Discussion in 'Off-Topic Chat' started by MissBraz, Jan 21, 2008.

  1. MissBraz

    MissBraz Active Member

    As i am sat here watching Brassed off it reminds me off why i love brass banding. Alot say it is outdated (brass banding) but i think that Brassed off is not outdated and is very true and real! (drinking in bands etc etc)

    But there is alot of chat about things that annoy you in band etc but there must be good things about it which makes us go week after week.

    Brassed off makes me chuckle ( i love floral dance although most of my band doesnt haha)

    But what makes you go to band week after week?

    (this is very random ! Sorry :oops: !)

  2. Robhibberd29

    Robhibberd29 Active Member

    I love playing if that's not too blatantly obvious (!!) and I love to see my friends there. Most of my social life centres around it.
    I also like going to different bands and meeting new friends. Ive met some really great people this year, one in particular.
    I love the tours my band does all over europe and this country.
    It's a way of life for me.
  3. Jack the Baritone King

    Jack the Baritone King Member

    I cant explain it, I suppose its the satisfaction you get at a concert, the excitement of a contest.

    The respect you gain from so many different people, the friends you have are there for life and you know that you can always chat to them. I made my best friend at band and I love her to bits, she's amazing, I know that we will be friends for ever (even in our graves)!! lol:biggrin:

    The fact that you know that you're not just a typical bum wasting away, that you're doing something special with your life.

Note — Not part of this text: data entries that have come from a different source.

(* Let $k$ be an algebraically closed field of characteristic $p>2$, let $q$ be a power of $p$, let $n \ge 1$ be an integer, and assume that the finite field $\mathbb{F}_{q^n} \subset k$ with $q^n$ elements contains the set $\{\alpha \in k \mid \alpha^{q-2}=1\}$. Consider the morphism $$\varphi: \mathbb{P}^1 \rightarrow \mathbb{P}^4;\quad (1:t) \mapsto (1:t:t^2-t^q:t^{q^n}-t^{q^{2n}}:t(t^{q^n}-t^{q^{2n}})).$$ Then: (a) $\varphi$ is an embedding; (b) for any point $P \in \mathbb{P}^1 \setminus \{(0:1)\}$, the set $(T_{\varphi(P)}\varphi(\mathbb{P}^1) \setminus \{\varphi(P)\}) \cap \varphi(\mathbb{P}^1)$ consists of exactly $q-2$ points; (c) the Gauss map of $\varphi(\mathbb{P}^1)$ is birational onto its image.
   Context: For a point $Q$ of a projective curve $C \subset \mathbb{P}^N$ which is smooth on $C$, $T_QC \subset \mathbb{P}^N$ denotes the projective tangent line to $C$ at $Q$. The Gauss map of $C$ is the rational map $\gamma: C \dashrightarrow \mathbb{G}(1,\mathbb{P}^N)$ to the Grassmannian of lines in $\mathbb{P}^N$ sending a smooth point $Q \in C$ to $T_QC$. *)

theory Defs
  imports "HOL-Computational_Algebra.Computational_Algebra"
begin

(* Vectors of k^(N+1) are functions nat => 'k vanishing outside {0..N}.
   A point of projective space is the class of a nonzero vector under scaling. *)
definition pcls :: "(nat \<Rightarrow> 'k::field) \<Rightarrow> (nat \<Rightarrow> 'k) set" where
  "pcls x = {y. \<exists>c. c \<noteq> 0 \<and> y = (\<lambda>i. c * x i)}"

(* A binary form of degree d, given by its dehomogenisation f (deg f <= d):
   F(s,t) = sum_{j<=d} coeff f j * s^(d-j) * t^j, and its partial derivatives. *)
definition hform :: "nat \<Rightarrow> 'k::field poly \<Rightarrow> 'k \<Rightarrow> 'k \<Rightarrow> 'k" where
  "hform d f s t = (\<Sum>j\<le>d. coeff f j * s ^ (d - j) * t ^ j)"

definition hform_ds :: "nat \<Rightarrow> 'k::field poly \<Rightarrow> 'k \<Rightarrow> 'k \<Rightarrow> 'k" where
  "hform_ds d f s t = (\<Sum>j\<le>d. of_nat (d - j) * coeff f j * s ^ (d - j - 1) * t ^ j)"

definition hform_dt :: "nat \<Rightarrow> 'k::field poly \<Rightarrow> 'k \<Rightarrow> 'k \<Rightarrow> 'k" where
  "hform_dt d f s t = (\<Sum>j\<le>d. of_nat j * coeff f j * s ^ (d - j) * t ^ (j - 1))"

(* The morphism P^1 -> P^N given by the forms of vs (N+1 = length vs), on the affine cone *)
definition Fv :: "'k::field poly list \<Rightarrow> nat \<Rightarrow> 'k \<Rightarrow> 'k \<Rightarrow> nat \<Rightarrow> 'k" where
  "Fv vs d s t = (\<lambda>i. if i < length vs then hform d (vs ! i) s t else 0)"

    but most importantly I think its because no matter how hard your day's gone or how stressed you've been, you can go to band and be yourself, away from everything else!!

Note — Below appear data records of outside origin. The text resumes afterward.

(* Let $n$ be a positive integer. The Logarithmic Least Squares Method is the unique weighting method $f: \mathcal{A}^{n \times n} \to \mathcal{R}^n$ satisfying correctness and invariance to $\alpha$-transformation on a triad. That is, a weighting method $f$ satisfies both properties if and only if, for every $\mathbf{A} \in \mathcal{A}^{n\times n}$ and every $i$, \[ f_i(\mathbf{A}) = \frac{\prod_{j=1}^n a_{i,j}^{1/n}}{\sum_{k=1}^n \prod_{j=1}^n a_{k,j}^{1/n}}. \]
   Context: A pairwise comparison matrix of size $n$ is a matrix $\mathbf{A} = [a_{i,j}]$ with all entries positive and $a_{j,i} = 1/a_{i,j}$ for all $1 \le i,j \le n$; $\mathcal{A}^{n\times n}$ denotes the set of these. $\mathbf{A}$ is consistent if $a_{i,k} = a_{i,j}a_{j,k}$ for all $i,j,k$. A weight vector is $\mathbf{w} \in \mathbb{R}^n$ with all entries positive and $\sum_i w_i = 1$; $\mathcal{R}^n$ denotes the set of weight vectors. A weighting method is any function $f: \mathcal{A}^{n\times n} \to \mathcal{R}^n$. The Logarithmic Least Squares Method (LLSM) assigns to $\mathbf{A}$ the minimizer over $\mathbf{w} \in \mathcal{R}^n$ of $\sum_{i=1}^n\sum_{j=1}^n [\log a_{i,j} - \log(w_i/w_j)]^2$, which equals the normalized row geometric mean vector $w_i = \prod_j a_{i,j}^{1/n} / \sum_k \prod_j a_{k,j}^{1/n}$. Correctness: $f$ is correct if for every consistent $\mathbf{A}\in\mathcal{A}^{n\times n}$, $f_i(\mathbf{A})/f_j(\mathbf{A}) = a_{i,j}$ for all $i,j$. An $\alpha$-transformation on the triad $(i,j,k)$ (three distinct indices), with $\alpha>0$, maps $\mathbf{A}$ to the pairwise comparison matrix $\hat{\mathbf{A}}$ with $\hat a_{i,j} = \alpha a_{i,j}$, $\hat a_{j,i} = a_{j,i}/\alpha$, $\hat a_{j,k} = \alpha a_{j,k}$, $\hat a_{k,j} = a_{k,j}/\alpha$, $\hat a_{k,i} = \alpha a_{k,i}$, $\hat a_{i,k} = a_{i,k}/\alpha$, and all other entries unchanged. Invariance to $\alpha$-transformation on a triad: $f(\mathbf{A}) = f(\hat{\mathbf{A}})$ whenever $\hat{\mathbf{A}}$ is obtained from $\mathbf{A}$ by an $\alpha$-transformation on a triad. *)

theory Defs
  imports "HOL-Analysis.Analysis"
begin

text \<open>Matrices of size n are indexed by a finite type 'n, with n = CARD('n) \<ge> 1.\<close>

definition pcm :: "real^'n^'n \<Rightarrow> bool" where
  "pcm A \<longleftrightarrow> (\<forall>i j. A$i$j > 0 \<and> A$j$i = 1 / A$i$j)"

definition consistent_pcm :: "real^'n^'n \<Rightarrow> bool" where
  "consistent_pcm A \<longleftrightarrow> (\<forall>i j k. A$i$k = A$i$j * A$j$k)"

definition weight_vector :: "real^'n \<Rightarrow> bool" where
  "weight_vector w \<longleftrightarrow> (\<forall>i. w$i > 0) \<and> (\<Sum>i\<in>UNIV. w$i) = 1"

text \<open>A weighting method: a function from pairwise comparison matrices to weight vectors
  (values on non-PCM arguments are irrelevant).\<close>
definition weighting_method :: "(real^'n^'n \<Rightarrow> real^'n) \<Rightarrow> bool" where
  "weighting_method f \<longleftrightarrow> (\<forall>A. pcm A \<longrightarrow> weight_vector (f A))"

definition correct_method :: "(real^'n^'n \<Rightarrow> real^'n) \<Rightarrow> bool" where
  "correct_method f \<longleftrightarrow>
     (\<forall>A. pcm A \<and> consistent_pcm A \<longrightarrow> (\<forall>i j. f A $ i / f A $ j = A$i$j))"

definition alpha_transform :: "real \<Rightarrow> 'n \<Rightarrow> 'n \<Rightarrow> 'n \<Rightarrow> real^'n^'n \<Rightarrow> real^'n^'n" where
  "alpha_transform \<alpha> i j k A = (\<chi> p q.
     if (p = i \<and> q = j) \<or> (p = j \<and> q = k) \<or> (p = k \<and> q = i) then \<alpha> * A$p$q
     else if (p = j \<and> q = i) \<or> (p = k \<and> q = j) \<or> (p = i \<and> q = k) then A$p$q / \<alpha>
     else A$p$q)"

definition triad_invariant :: "(real^'n^'n \<Rightarrow> real^'n) \<Rightarrow> bool" where
  "triad_invariant f \<longleftrightarrow>
     (\<forall>A i j k \<alpha>. pcm A \<and> i \<noteq> j \<and> j \<noteq> k \<and> i \<noteq> k \<and> \<alpha> > 0 \<longrightarrow>
        f (alpha_transform \<alpha> i j k A) = f A)"

definition llsm :: "real^'n^'n \<Rightarrow> real^'n" where
  "llsm A = (\<chi> i. (\<Prod>j\<in>UNIV. A$i$j powr (1 / real CARD('n))) /
                   (\<Sum>k\<in>UNIV. \<Prod>j\<in>UNIV. A$k$j powr (1 / real CARD('n))))"

end

theory Submission
  imports Defs
begin

text \<open>Work in logarithmic coordinates: an \<open>\<alpha>\<close>-transformation on the triad \<open>(i, j, k)\<close> adds
  \<open>ln \<alpha>\<close> times a skew-symmetric "triad generator" to the matrix of logarithms \<open>ln a\<^sub>p\<^sub>q\<close>.
  Every skew-symmetric matrix with zero row sums is a linear combination of triad generators.
  Given a PCM \<open>A\<close> with log row means \<open>\<rho>\<close>, the residual \<open>\<rho>\<^sub>p - \<rho>\<^sub>q - ln a\<^sub>p\<^sub>q\<close> is such a matrix, so
  a triad-invariant method assigns to \<open>A\<close> the same weights as to the consistent matrix
  \<open>exp (\<rho>\<^sub>p - \<rho>\<^sub>q)\<close>; correctness forces these to be proportional to \<open>exp \<rho>\<close>, i.e.\ the
  LLSM weights. Conversely LLSM is correct, and triad generators have zero row sums, so
  they leave the row geometric means unchanged.\<close>

definition exp_perturb :: "('n \<Rightarrow> 'n \<Rightarrow> real) \<Rightarrow> real^'n^'n \<Rightarrow> real^'n^'n" where
  "exp_perturb E A = (\<chi> p q. A$p$q * exp (E p q))"

lemma exp_perturb_nth [simp]: "exp_perturb E A $ p $ q = A$p$q * exp (E p q)"
  by (simp add: exp_perturb_def)

lemma exp_perturb_exp_perturb: "exp_perturb E (exp_perturb F A) = exp_perturb (\<lambda>p q. F p q + E p q) A"
  by (simp add: vec_eq_iff exp_add)

lemma exp_perturb_zero [simp]: "exp_perturb (\<lambda>p q. 0) A = A"
  by (simp add: vec_eq_iff)

lemma pcm_pos: "pcm A \<Longrightarrow> A$i$j > 0"
  unfolding pcm_def by blast

lemma pcm_ln_swap:
  assumes "pcm A"
  shows "ln (A$j$i) = - ln (A$i$j)"
proof -
  have "A$j$i = 1 / A$i$j" using assms unfolding pcm_def by blast
  then show ?thesis using pcm_pos[OF assms, of i j] by (simp add: ln_div)
qed

lemma pcm_exp_perturb:
  assumes "pcm A" and skew: "\<And>p q. E q p = - E p q"
  shows "pcm (exp_perturb E A)"
  unfolding pcm_def
proof (intro allI conjI)
  fix i j
  show "exp_perturb E A $ i $ j > 0"
    using pcm_pos[OF \<open>pcm A\<close>] by simp
  show "exp_perturb E A $ j $ i = 1 / exp_perturb E A $ i $ j"
  proof -
    have "A$j$i = 1 / A$i$j" using \<open>pcm A\<close> unfolding pcm_def by blast
    then show ?thesis by (simp add: skew[of i j] exp_minus field_simps)
  qed
qed

definition triad_gen :: "'n \<Rightarrow> 'n \<Rightarrow> 'n \<Rightarrow> 'n \<Rightarrow> 'n \<Rightarrow> real" where
  "triad_gen i j k p q =
     of_bool (p = i \<and> q = j) + of_bool (p = j \<and> q = k) + of_bool (p = k \<and> q = i)
     - of_bool (p = j \<and> q = i) - of_bool (p = k \<and> q = j) - of_bool (p = i \<and> q = k)"

lemma triad_gen_swap: "triad_gen i j k q p = - triad_gen i j k p q"
  unfolding triad_gen_def by (simp add: conj_commute)

lemma triad_gen_degenerate: "i = j \<or> j = k \<or> i = k \<Longrightarrow> triad_gen i j k p q = 0"
  unfolding triad_gen_def by (elim disjE) (simp_all add: conj_commute)

lemma sum_triad_gen_row: "(\<Sum>q\<in>UNIV. triad_gen i j k p (q :: 'n :: finite)) = 0"
proof -
  have delta: "(\<Sum>q\<in>UNIV. of_bool (p = a \<and> q = b) :: real) = of_bool (p = a)" for a b :: 'n
    by (cases "p = a") simp_all
  show ?thesis unfolding triad_gen_def by (simp only: sum.distrib sum_subtractf delta)
qed

lemma sum_triad_gen_swap:
  "(\<Sum>(i, j, k)\<in>S. t i j k * triad_gen i j k q p) = - (\<Sum>(i, j, k)\<in>S. t i j k * triad_gen i j k p q)"
  unfolding sum_negf[symmetric] by (rule sum.cong) (auto simp: triad_gen_swap[of _ _ _ q p])

lemma alpha_transform_eq_exp_perturb:
  assumes "i \<noteq> j" "j \<noteq> k" "i \<noteq> k" "\<alpha> > 0"
  shows "alpha_transform \<alpha> i j k A = exp_perturb (\<lambda>p q. ln \<alpha> * triad_gen i j k p q) A"
  using assms unfolding alpha_transform_def triad_gen_def
  by (auto simp: vec_eq_iff exp_minus field_simps)

lemma pcm_alpha_transform:
  assumes "pcm A" "i \<noteq> j" "j \<noteq> k" "i \<noteq> k" "\<alpha> > 0"
  shows "pcm (alpha_transform \<alpha> i j k A)"
  unfolding alpha_transform_eq_exp_perturb[OF assms(2-5)]
  using assms(1) by (rule pcm_exp_perturb) (metis triad_gen_swap mult_minus_right)

lemma triad_invariant_exp_perturb_sum:
  assumes inv: "triad_invariant f" and "finite S" and "pcm A"
  shows "f (exp_perturb (\<lambda>p q. \<Sum>(i, j, k)\<in>S. t i j k * triad_gen i j k p q) A) = f A"
  using \<open>finite S\<close>
proof (induction S)
  case empty
  show ?case by simp
next
  case (insert x S)
  obtain i j k where x: "x = (i, j, k)" by (cases x) blast
  define B where "B = exp_perturb (\<lambda>p q. \<Sum>(i, j, k)\<in>S. t i j k * triad_gen i j k p q) A"
  have "pcm B"
    unfolding B_def using \<open>pcm A\<close>
    by (rule pcm_exp_perturb) (rule sum_triad_gen_swap)
  have step: "exp_perturb (\<lambda>p q. \<Sum>(i, j, k)\<in>insert x S. t i j k * triad_gen i j k p q) A
      = exp_perturb (\<lambda>p q. t i j k * triad_gen i j k p q) B"
    using insert.hyps by (simp add: B_def x exp_perturb_exp_perturb add.commute)
  have "f (exp_perturb (\<lambda>p q. t i j k * triad_gen i j k p q) B) = f B"
  proof (cases "i \<noteq> j \<and> j \<noteq> k \<and> i \<noteq> k")
    case True
    then have "exp_perturb (\<lambda>p q. t i j k * triad_gen i j k p q) B
        = alpha_transform (exp (t i j k)) i j k B"
      by (simp add: alpha_transform_eq_exp_perturb)
    then show ?thesis
      using inv \<open>pcm B\<close> True unfolding triad_invariant_def by simp
  next
    case False
    then show ?thesis by (simp add: triad_gen_degenerate)
  qed
  then show ?case using insert.IH by (simp add: step B_def)
qed

lemma Collect_eq_conj: "{x. a = x \<and> P} = (if P then {a} else {})"
  by auto

lemma sum_sum_mult_triad_gen:
  fixes c :: "'n::finite \<Rightarrow> 'n \<Rightarrow> real"
  assumes rows: "\<And>i. (\<Sum>j\<in>UNIV. c i j) = 0" and cols: "\<And>j. (\<Sum>i\<in>UNIV. c i j) = 0"
  shows "(\<Sum>i\<in>UNIV. \<Sum>j\<in>UNIV. c i j * triad_gen r i j p q) = c p q - c q p"
proof -
  have "(\<Sum>i\<in>UNIV. \<Sum>j\<in>UNIV. c i j * of_bool (p = r \<and> q = i)) = 0"
    "(\<Sum>i\<in>UNIV. \<Sum>j\<in>UNIV. c i j * of_bool (p = i \<and> q = j)) = c p q"
    "(\<Sum>i\<in>UNIV. \<Sum>j\<in>UNIV. c i j * of_bool (p = j \<and> q = r)) = 0"
    "(\<Sum>i\<in>UNIV. \<Sum>j\<in>UNIV. c i j * of_bool (p = j \<and> q = i)) = c q p"
    "(\<Sum>i\<in>UNIV. \<Sum>j\<in>UNIV. c i j * of_bool (p = r \<and> q = j)) = 0"
    "(\<Sum>i\<in>UNIV. \<Sum>j\<in>UNIV. c i j * of_bool (p = i \<and> q = r)) = 0"
    by (auto simp: of_bool_def if_distrib sum.If_cases Int_def Collect_eq_conj rows cols
        simp del: sum_mult_of_bool_eq cong: conj_cong)
  then show ?thesis
    unfolding triad_gen_def by (simp only: distrib_left right_diff_distrib sum.distrib sum_subtractf)
qed

text \<open>For any fixed first vertex the combination already yields \<open>M\<close>; averaging over it
  avoids choosing one.\<close>

lemma sum_triad_gen_eq_skew:
  fixes M :: "'n::finite \<Rightarrow> 'n \<Rightarrow> real"
  assumes skew: "\<And>p q. M q p = - M p q" and rows: "\<And>p. (\<Sum>q\<in>UNIV. M p q) = 0"
  shows "(\<Sum>(i, j, k)\<in>UNIV. M j k / (2 * CARD('n)) * triad_gen i j k p q) = M p q"
proof -
  have cols: "(\<Sum>p\<in>UNIV. M p q) = 0" for q
  proof -
    have "(\<Sum>p\<in>UNIV. M p q) = - (\<Sum>p\<in>UNIV. M q p)"
      by (simp add: skew[of q] sum_negf)
    then show ?thesis by (simp add: rows)
  qed
  have fixed_first: "(\<Sum>j\<in>UNIV. \<Sum>k\<in>UNIV. M j k / 2 * triad_gen i j k p q) = M p q" for i
  proof -
    have "(\<Sum>j\<in>UNIV. \<Sum>k\<in>UNIV. M j k / 2 * triad_gen i j k p q) = M p q / 2 - M q p / 2"
      by (rule sum_sum_mult_triad_gen) (simp_all add: sum_divide_distrib[symmetric] rows cols)
    then show ?thesis by (simp add: skew[of p q])
  qed
  have "(\<Sum>(i, j, k)\<in>UNIV. M j k / (2 * CARD('n)) * triad_gen i j k p q)
      = (\<Sum>i\<in>UNIV. \<Sum>j\<in>UNIV. \<Sum>k\<in>UNIV. M j k / 2 * triad_gen i j k p q) / CARD('n)"
    unfolding UNIV_Times_UNIV[symmetric] sum.cartesian_product[symmetric]
    by (simp add: sum_divide_distrib)
  also have "\<dots> = (\<Sum>i\<in>(UNIV :: 'n set). M p q) / CARD('n)"
    by (simp only: fixed_first)
  also have "\<dots> = M p q"
    by simp
  finally show ?thesis .
qed

lemma triad_invariant_exp_perturb_skew:
  fixes M :: "'n::finite \<Rightarrow> 'n \<Rightarrow> real"
  assumes "triad_invariant f" "pcm A"
    and "\<And>p q. M q p = - M p q" "\<And>p. (\<Sum>q\<in>UNIV. M p q) = 0"
  shows "f (exp_perturb M A) = f A"
proof -
  have "f (exp_perturb (\<lambda>p q. \<Sum>(i, j, k)\<in>UNIV. M j k / (2 * CARD('n)) * triad_gen i j k p q) A)
      = f A"
    by (rule triad_invariant_exp_perturb_sum[OF assms(1) finite assms(2)])
  moreover have "(\<lambda>p q. \<Sum>(i, j, k)\<in>UNIV. M j k / (2 * CARD('n)) * triad_gen i j k p q) = M"
    by (intro ext sum_triad_gen_eq_skew assms(3,4))
  ultimately show ?thesis by simp
qed

definition log_row_mean :: "real^'n^'n \<Rightarrow> 'n \<Rightarrow> real" where
  "log_row_mean A i = (\<Sum>j\<in>UNIV. ln (A$i$j)) / CARD('n)"

lemma llsm_eq_exp_log_row_mean:
  fixes A :: "real^'n^'n"
  assumes "\<And>i j. A$i$j > 0"
  shows "llsm A = (\<chi> i. exp (log_row_mean A i) / (\<Sum>k\<in>UNIV. exp (log_row_mean A k)))"
proof -
  have "(\<Prod>j\<in>UNIV. A$i$j powr (1 / CARD('n))) = exp (log_row_mean A i)" for i
  proof -
    have "A$i$j \<noteq> 0" for j using assms[of i j] by simp
    then show ?thesis by (simp add: powr_def log_row_mean_def exp_sum[symmetric] sum_divide_distrib)
  qed
  then show ?thesis unfolding llsm_def by simp
qed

    But obviously the pub plays the biggest role :D hehe
  4. MissBraz

    MissBraz Active Member

    You gotta love the pub! Lol!

    But also i love the fact that when you go to contests like pontins or butlins you make so many friends and people just talk to you! I love the fact that everyone is so friendly!
  5. Jack the Baritone King

    Jack the Baritone King Member

    Oh yeah, absolutely and its a shame that there isn't more young people attracted to bands because sooner or later the banding community is probably going to gradually die. thats why I drink so much - i'm depressed lol. Butlins is just superb, the place is flooded by bandsmen and women and you all just get along and have a laugh. im so glad im a bandsman lol

  6. MissBraz

    MissBraz Active Member

    hahaha yeah ok i believe you but millions wouldnt!!
  7. When my daughter started to play at the age of 8 (Camborne Youth Band) i used to be one of the parents who used to sit at the back of the band room and listen,after about 12 months i thought i would give this banding lark a try,i was given a battered old cornet to try and after about 4 months it rapidly turned into a Bb bass.I havnt looked back.My daughter is now 17 (and a great horn player having done all 8 grades with great results) and me well ive played loads of contests with our youth band (adult bass) and also with our B band (inc 2 national finals),what a great hobby actually more than that its become a way of life.I have played concerts with the likes of David Childs,Alan Morrison and Brighouse and Rastrick,Richard Marshall,David Thornton and many other fantastic people,but best of all my fellow bandsman/women. Having also played concerts in Canary Wharf,the grounds of Westminster Abbey and too many other fantastic places to mention,how many hobbys can give you such a feeling as when youve pulled off a great result or given a great concert performance.Since taking up playing my whole family has become involved in one way or another and now three of my daughters play (two in our 4 x national champion youth band and one in the training band) what a fantastic hobby!!!!
  8. Aussie Tuba

    Aussie Tuba Member

    Brisbane Australia
    It's Great to see you supporting your Kid's . I wish more parents did the same.
    Sounds like your enjoying it to. Great !
  9. hicks

    hicks Member

    Playing great music will never be outdated, and that's what I love about banding - getting together with a bunch of talented musicians to create a wonderful sound.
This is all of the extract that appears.